[Saved data entries]

definition base_locus :: "complex \<Rightarrow> complex \<Rightarrow> complex \<Rightarrow> complex \<Rightarrow> complex \<Rightarrow> complex \<Rightarrow>
    complex \<Rightarrow> complex \<Rightarrow> complex \<Rightarrow> tpt set" where
  "base_locus a1 a2 a3 b1 b2 b3 c1 c2 c3 = (\<Inter>lam. Xhat a1 a2 a3 b1 b2 b3 c1 c2 c3 lam)"

definition fixT :: "tpt set \<Rightarrow> (tpt \<Rightarrow> tpt) \<Rightarrow> tpt set" where
  "fixT T g = {p \<in> T. proj_eq3 (g p) p}"

text \<open>Isolated fixed points: the fixed locus is a finite set of points of
  P^3 x P^3 x P^3, i.e. finite up to proportionality.\<close>
definition finite_proj :: "tpt set \<Rightarrow> bool" where
  "finite_proj S \<longleftrightarrow> (\<exists>F. finite F \<and> (\<forall>p\<in>S. \<exists>q\<in>F. proj_eq3 p q))"

end

theory Submission imports Defs begin

text \<open>
  Every automorphism k = [e0,1,e1,h0,e2,z0,e3] of G1 acts factorwise on T = E1 x E2 x E3,
  on each curve by a diagonal map diag(e,1,1,f).  For (e,f) = (-1,1) the fixed points on a
  smooth curve are its four points on the plane x0 = 0, for (e,f) = (1,-1) its four points on
  the plane x3 = 0; so k has isolated fixed points as soon as every factor is of one of these
  two types, which covers k10, ..., k13.

  The base locus of the pencil consists of the points of T where both s1 s2 s3 and t1 t2 t3
  vanish.  On a curve point with x0 = 0 the coordinate s never vanishes (smoothness forces
  a1, a2, a3 distinct); since k10 acts by the first type on all three factors, no fixed point
  of k10 is on the base locus.  Each of k11, k12, k13 has two factors of the second type,
  and the plane x3 = 0 contains a point with s = 0 and a point with t = 0; together with a
  point on x0 = 0 in the remaining factor this gives a fixed point on the base locus.
\<close>

section \<open>Square roots and smooth curves\<close>

definition sqrts :: "complex \<Rightarrow> complex set" where
  "sqrts w = {csqrt w, - csqrt w}"

lemma finite_sqrts: "finite (sqrts w)"
  by (simp add: sqrts_def)

lemma in_sqrts: "y^2 = w \<Longrightarrow> y \<in> sqrts w"
proof -
  assume h: "y^2 = w"
  have "(y - csqrt w) * (y + csqrt w) = 0"
    using h by (simp add: algebra_simps power2_eq_square[symmetric])
  then show ?thesis unfolding sqrts_def by (auto simp: eq_neg_iff_add_eq_0)
qed

text \<open>Smoothness of E forces distinct coefficients: if a_i = a_j, the point with
  x_i = 1, x_j = i and all other coordinates 0 is a singular point.\<close>
lemma smooth_distinct:
  assumes "ell_smooth a1 a2 a3" shows "a1 \<noteq> a2" "a1 \<noteq> a3" "a2 \<noteq> a3"
proof -
  have sing: "\<beta> = 0" if "(x0,x1,x2,x3) \<in> ellC a1 a2 a3"
    "\<alpha> * 0 + \<beta> * (2*x0) = 0" "\<alpha> * (2*x1) + \<beta> * (-2*a1*x1) = 0"
    "\<alpha> * (2*x2) + \<beta> * (-2*a2*x2) = 0" "\<alpha> * (2*x3) + \<beta> * (-2*a3*x3) = 0"
    for x0 x1 x2 x3 \<alpha> \<beta>
    using assms that unfolding ell_smooth_def by blast
  show "a1 \<noteq> a2"
  proof
    assume "a1 = a2"
    then have "(0,1,\<i>,0) \<in> ellC a1 a2 a3" by (simp add: ellC_def power2_eq_square)
    from sing[OF this, of a1 1] \<open>a1 = a2\<close> show False by simp
  qed
  show "a1 \<noteq> a3"
  proof
    assume "a1 = a3"
    then have "(0,1,0,\<i>) \<in> ellC a1 a2 a3" by (simp add: ellC_def power2_eq_square)
    from sing[OF this, of a1 1] \<open>a1 = a3\<close> show False by simp
  qed
  show "a2 \<noteq> a3"
  proof
    assume "a2 = a3"
    then have "(0,0,1,\<i>) \<in> ellC a1 a2 a3" by (simp add: ellC_def power2_eq_square)
    from sing[OF this, of a2 1] \<open>a2 = a3\<close> show False by simp
  qed
qed

lemma proj_eq_refl: "proj_eq v v"
  unfolding proj_eq_def by (cases v) (auto intro: exI[of _ 1])

section \<open>Plane sections of a curve\<close>

text \<open>Representatives of the four points of E on the plane x0 = 0, normalised by x1 = 1.\<close>
definition plane0_pts :: "complex \<Rightarrow> complex \<Rightarrow> complex \<Rightarrow> hpt set" where
  "plane0_pts a1 a2 a3 =
     {0} \<times> {1} \<times> sqrts ((a3-a1)/(a2-a3)) \<times> sqrts (-1 - (a3-a1)/(a2-a3))"

text \<open>Representatives of the four points of E on the plane x3 = 0, normalised by x1 = 1.\<close>
definition plane3_pts :: "complex \<Rightarrow> complex \<Rightarrow> complex \<Rightarrow> hpt set" where
  "plane3_pts a1 a2 a3 = sqrts (a1-a2) \<times> {1} \<times> sqrts (-1) \<times> {0}"
lemma simple_graph_clebsch: "simple_graph clebsch_V clebsch_E"
  by (auto simp: simple_graph_def clebsch_E_def clebsch_V_def clebsch_adj_irrefl card_insert_if)

lemma has_induced_path_xor_translate:
  assumes "has_induced_path n clebsch_V Es" "a \<in> clebsch_V"
    and "\<And>x y. x \<in> clebsch_V \<Longrightarrow> y \<in> clebsch_V \<Longrightarrow> {xor a x, xor a y} \<in> Es' \<longleftrightarrow> {x, y} \<in> Es"
  shows "has_induced_path n clebsch_V Es'"
proof (rule has_induced_path_embedding[OF assms(1) _ _ assms(3)])
  show "inj_on (xor a) clebsch_V"
    by (simp add: inj_on_def xor_eq_xor_iff)
  show "xor a ` clebsch_V \<subseteq> clebsch_V"
    using assms(2) xor_clebsch_V by blast
qed

lemma clebsch_P6_free: "\<not> has_induced_path 6 clebsch_V clebsch_E"
proof
  have no_extension: "\<not> extendable clebsch_adj clebsch_nbrs 5 [0]"
    by code_simp
  assume "has_induced_path 6 clebsch_V clebsch_E"
  then obtain xs where xs: "length xs = 6" "set xs \<subseteq> clebsch_V" "induced_path clebsch_adj xs"
    using has_induced_path_iff_induced_path[of clebsch_V clebsch_E clebsch_adj] clebsch_E_iff
    by blast
  define ys where "ys = map (xor (last xs)) xs"
  have "induced_path clebsch_adj ys"
    unfolding ys_def using xs(3)
    by (subst induced_path_map) (auto simp: inj_on_def xor_eq_xor_iff clebsch_adj_xor)
  moreover have "ys = butlast ys @ [0]"
  proof -
    have "xs \<noteq> []"
      using xs(1) by auto
    then have "ys \<noteq> []" "last ys = 0"
      by (simp_all add: ys_def last_map)
    then show ?thesis
      by (metis append_butlast_last_id)
  qed
  ultimately have "extendable clebsch_adj clebsch_nbrs (length (butlast ys)) [0]"
    by (metis extendable_if_induced_path clebsch_adj_nbrs not_Cons_self2)
  then show False
    using no_extension xs(1) by (simp add: ys_def)
qed

lemma clebsch_minus_edge_at_0:
  assumes "clebsch_adj 0 s"
  shows "has_induced_path 6 clebsch_V (clebsch_E - {{0, s}})"
proof -
  have "\<forall>s\<in>set [0..<16]. clebsch_adj 0 s \<longrightarrow>
    (\<exists>xs\<in>set [[0, 2, 6, 7, 5, 1], [0, 1, 5, 7, 6, 2], [0, 1, 3, 7, 6, 4],
               [0, 1, 3, 7, 8, 10], [0, 1, 3, 7, 15, 13]].
      length xs = 6 \<and> (\<forall>x\<in>set xs. x < 16) \<and>
      induced_path (\<lambda>x y. clebsch_adj x y \<and> {x, y} \<noteq> {0, s}) xs)"
    by code_simp
  moreover have "s \<in> set [0..<16]"
    using assms by (auto simp: clebsch_adj_def)
  ultimately obtain xs where "length xs = 6" "\<forall>x\<in>set xs. x < 16"
    "induced_path (\<lambda>x y. clebsch_adj x y \<and> {x, y} \<noteq> {0, s}) xs"
    using assms by blast
  then show ?thesis
  proof (intro has_induced_path_iff_induced_path[THEN iffD2] exI conjI)
    show "{x, y} \<in> clebsch_E - {{0, s}} \<longleftrightarrow> clebsch_adj x y \<and> {x, y} \<noteq> {0, s}"
      if "x \<in> clebsch_V" "y \<in> clebsch_V" for x y
      using that by (auto simp: clebsch_E_iff)
  qed (auto simp: clebsch_V_def)
qed
(* Let $m\ge1$. The $0/1$ matrices $\mathcal{M}^{t,p}_{i,j}$ ($(i,j,t,p)\in\mathcal{I}_{(m,m)}$), $\mathcal{R}^{t,p}_{i,j}$ ($(i,j,t,p)\in\mathcal{I}_{(m,m+1)}$), $\mathcal{L}^{t,p}_{i,j}$ ($(i,j,t,p)\in\mathcal{I}_{(m+1,m)}$) and $\mathcal{F}^{t,p}_{i,j}$ ($(i,j,t,p)\in\mathcal{I}_{(m+1,m+1)}$) form a basis of the centralizer algebra $\mathcal{A}$, and $\dim\mathcal{A}=4\binom{m+4}{4}$.
   Context: $S=\{1,\dots,2m+1\}$, $X=\binom{S}{m}\cup\binom{S}{m+1}$ (vertex set of the doubled Odd graph $2.O_{m+1}$, in which two vertices are adjacent iff one is a proper subset of the other), $x_0=\{1,\dots,m\}$. $G=\mathrm{Sym}(x_0)\times\mathrm{Sym}(S\setminus x_0)$ (the stabilizer of $x_0$ in $\mathrm{Aut}(2.O_{m+1})$). The centralizer algebra $\mathcal{A}$ is the set of complex matrices $B$ with rows and columns indexed by $X$ such that $B_{\sigma(y),\sigma(z)}=B_{y,z}$ for all $\sigma\in G$, $y,z\in X$. For $y,z\subseteq S$, $\varrho(y,z)=(|x_0\cap y|,|x_0\cap z|,|y\cap z|,|x_0\cap y\cap z|)$; for $a,b\in\{m,m+1\}$, $\mathcal{I}_{(a,b)}=\{\varrho(y,z):y\in\binom{S}{a},z\in\binom{S}{b}\}$ and $X^{(i,j,t,p)}_{(a,b)}=\{(y,z)\in\binom{S}{a}\times\binom{S}{b}:\varrho(y,z)=(i,j,t,p)\}$. The matrices $\mathcal{M}^{t,p}_{i,j}$ (type I), $\mathcal{R}^{t,p}_{i,j}$ (type II), $\mathcal{L}^{t,p}_{i,j}$ (type III), $\mathcal{F}^{t,p}_{i,j}$ (type IV) are the $X\times X$ matrices whose $(y,z)$-entry is $1$ if $(y,z)$ lies in $X^{(i,j,t,p)}_{(m,m)}$, $X^{(i,j,t,p)}_{(m,m+1)}$, $X^{(i,j,t,p)}_{(m+1,m)}$, $X^{(i,j,t,p)}_{(m+1,m+1)}$ respectively, and $0$ otherwise. *)

theory Defs
  imports "HOL-Analysis.Analysis" "HOL-Library.Function_Algebras"
begin

type_synonym mat = "nat set \<Rightarrow> nat set \<Rightarrow> complex"

definition Sset :: "nat \<Rightarrow> nat set" where "Sset m = {1..2*m+1}"

definition ksub :: "nat set \<Rightarrow> nat \<Rightarrow> nat set set" where
  "ksub A k = {y. y \<subseteq> A \<and> card y = k}"

definition Xset :: "nat \<Rightarrow> nat set set" where
  "Xset m = ksub (Sset m) m \<union> ksub (Sset m) (m+1)"

definition x0 :: "nat \<Rightarrow> nat set" where "x0 m = {1..m}"

definition Ggrp :: "nat \<Rightarrow> (nat \<Rightarrow> nat) set" where
  "Ggrp m = {\<sigma>. bij_betw \<sigma> (Sset m) (Sset m) \<and> \<sigma> ` x0 m = x0 m \<and> (\<forall>x. x \<notin> Sset m \<longrightarrow> \<sigma> x = x)}"

definition Xmats :: "nat \<Rightarrow> mat set" where
  "Xmats m = {B. \<forall>y z. (y \<notin> Xset m \<or> z \<notin> Xset m) \<longrightarrow> B y z = 0}"

definition centralizer :: "nat \<Rightarrow> mat set" where
  "centralizer m = {B \<in> Xmats m. \<forall>\<sigma>\<in>Ggrp m. \<forall>y\<in>Xset m. \<forall>z\<in>Xset m.
       B (\<sigma> ` y) (\<sigma> ` z) = B y z}"

definition rho :: "nat \<Rightarrow> nat set \<Rightarrow> nat set \<Rightarrow> nat \<times> nat \<times> nat \<times> nat" where
  "rho m y z = (card (x0 m \<inter> y), card (x0 m \<inter> z), card (y \<inter> z), card (x0 m \<inter> y \<inter> z))"

definition Iset :: "nat \<Rightarrow> nat \<Rightarrow> nat \<Rightarrow> (nat \<times> nat \<times> nat \<times> nat) set" where
  "Iset m a b = {rho m y z | y z. y \<in> ksub (Sset m) a \<and> z \<in> ksub (Sset m) b}"

definition orbmat :: "nat \<Rightarrow> nat \<Rightarrow> nat \<Rightarrow> nat \<times> nat \<times> nat \<times> nat \<Rightarrow> mat" where
  "orbmat m a b q = (\<lambda>y z. if y \<in> ksub (Sset m) a \<and> z \<in> ksub (Sset m) b \<and> rho m y z = q
                            then 1 else 0)"

definition Mmat :: "nat \<Rightarrow> nat \<times> nat \<times> nat \<times> nat \<Rightarrow> mat" where "Mmat m = orbmat m m m"
definition Rmat :: "nat \<Rightarrow> nat \<times> nat \<times> nat \<times> nat \<Rightarrow> mat" where "Rmat m = orbmat m m (m+1)"
definition Lmat :: "nat \<Rightarrow> nat \<times> nat \<times> nat \<times> nat \<Rightarrow> mat" where "Lmat m = orbmat m (m+1) m"
definition Fmat :: "nat \<Rightarrow> nat \<times> nat \<times> nat \<times> nat \<Rightarrow> mat" where "Fmat m = orbmat m (m+1) (m+1)"

text \<open>Index set of the whole family: type tag 0..3 (I,II,III,IV) together with the parameter.\<close>
definition basisIdx :: "nat \<Rightarrow> (nat \<times> (nat \<times> nat \<times> nat \<times> nat)) set" where
  "basisIdx m = ({0} \<times> Iset m m m) \<union> ({1} \<times> Iset m m (m+1))
              \<union> ({2} \<times> Iset m (m+1) m) \<union> ({3} \<times> Iset m (m+1) (m+1))"

definition basisMat :: "nat \<Rightarrow> nat \<times> (nat \<times> nat \<times> nat \<times> nat) \<Rightarrow> mat" where
  "basisMat m k = (case fst k of 0 \<Rightarrow> Mmat m (snd k) | Suc 0 \<Rightarrow> Rmat m (snd k)
                  | Suc (Suc 0) \<Rightarrow> Lmat m (snd k) | _ \<Rightarrow> Fmat m (snd k))"

definition mscale :: "complex \<Rightarrow> mat \<Rightarrow> mat" where
  "mscale c B = (\<lambda>y z. c * B y z)"

end

theory Submission
  imports Defs
begin

text \<open>A matrix commutes with G exactly when it is constant on the orbits of G on X \<times> X, so
  the orbit indicators form a basis of the centralizer algebra and its dimension is the number
  of orbits. An orbit is determined by |y|, |z| and rho(y, z), since these fix the sizes of the
  eight Venn regions of x0, y, z in S. For |y| = |z| = m the possible values of rho fill a
  lattice polytope that is in bijection with the compositions of m into five parts, so there
  are C(m+4, 4) of them; complementing z and swapping y and z carry this count over to the
  other three types.\<close>
interpretation VS: vector_space mscale
  by unfold_locales (auto simp: mscale_def fun_eq_iff algebra_simps)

- _WORK ITEM_: The required output is the set of lines from the first line of the data through the line that contains "c3 = (\<Inter>lam.", transcribed exactly.

- _EXERCISE SOLUTION_:
definition base_locus :: "complex \<Rightarrow> complex \<Rightarrow> complex \<Rightarrow> complex \<Rightarrow> complex \<Rightarrow> complex \<Rightarrow>
    complex \<Rightarrow> complex \<Rightarrow> complex \<Rightarrow> tpt set" where
  "base_locus a1 a2 a3 b1 b2 b3 c1 c2 c3 = (\<Inter>lam. Xhat a1 a2 a3 b1 b2 b3 c1 c2 c3 lam)"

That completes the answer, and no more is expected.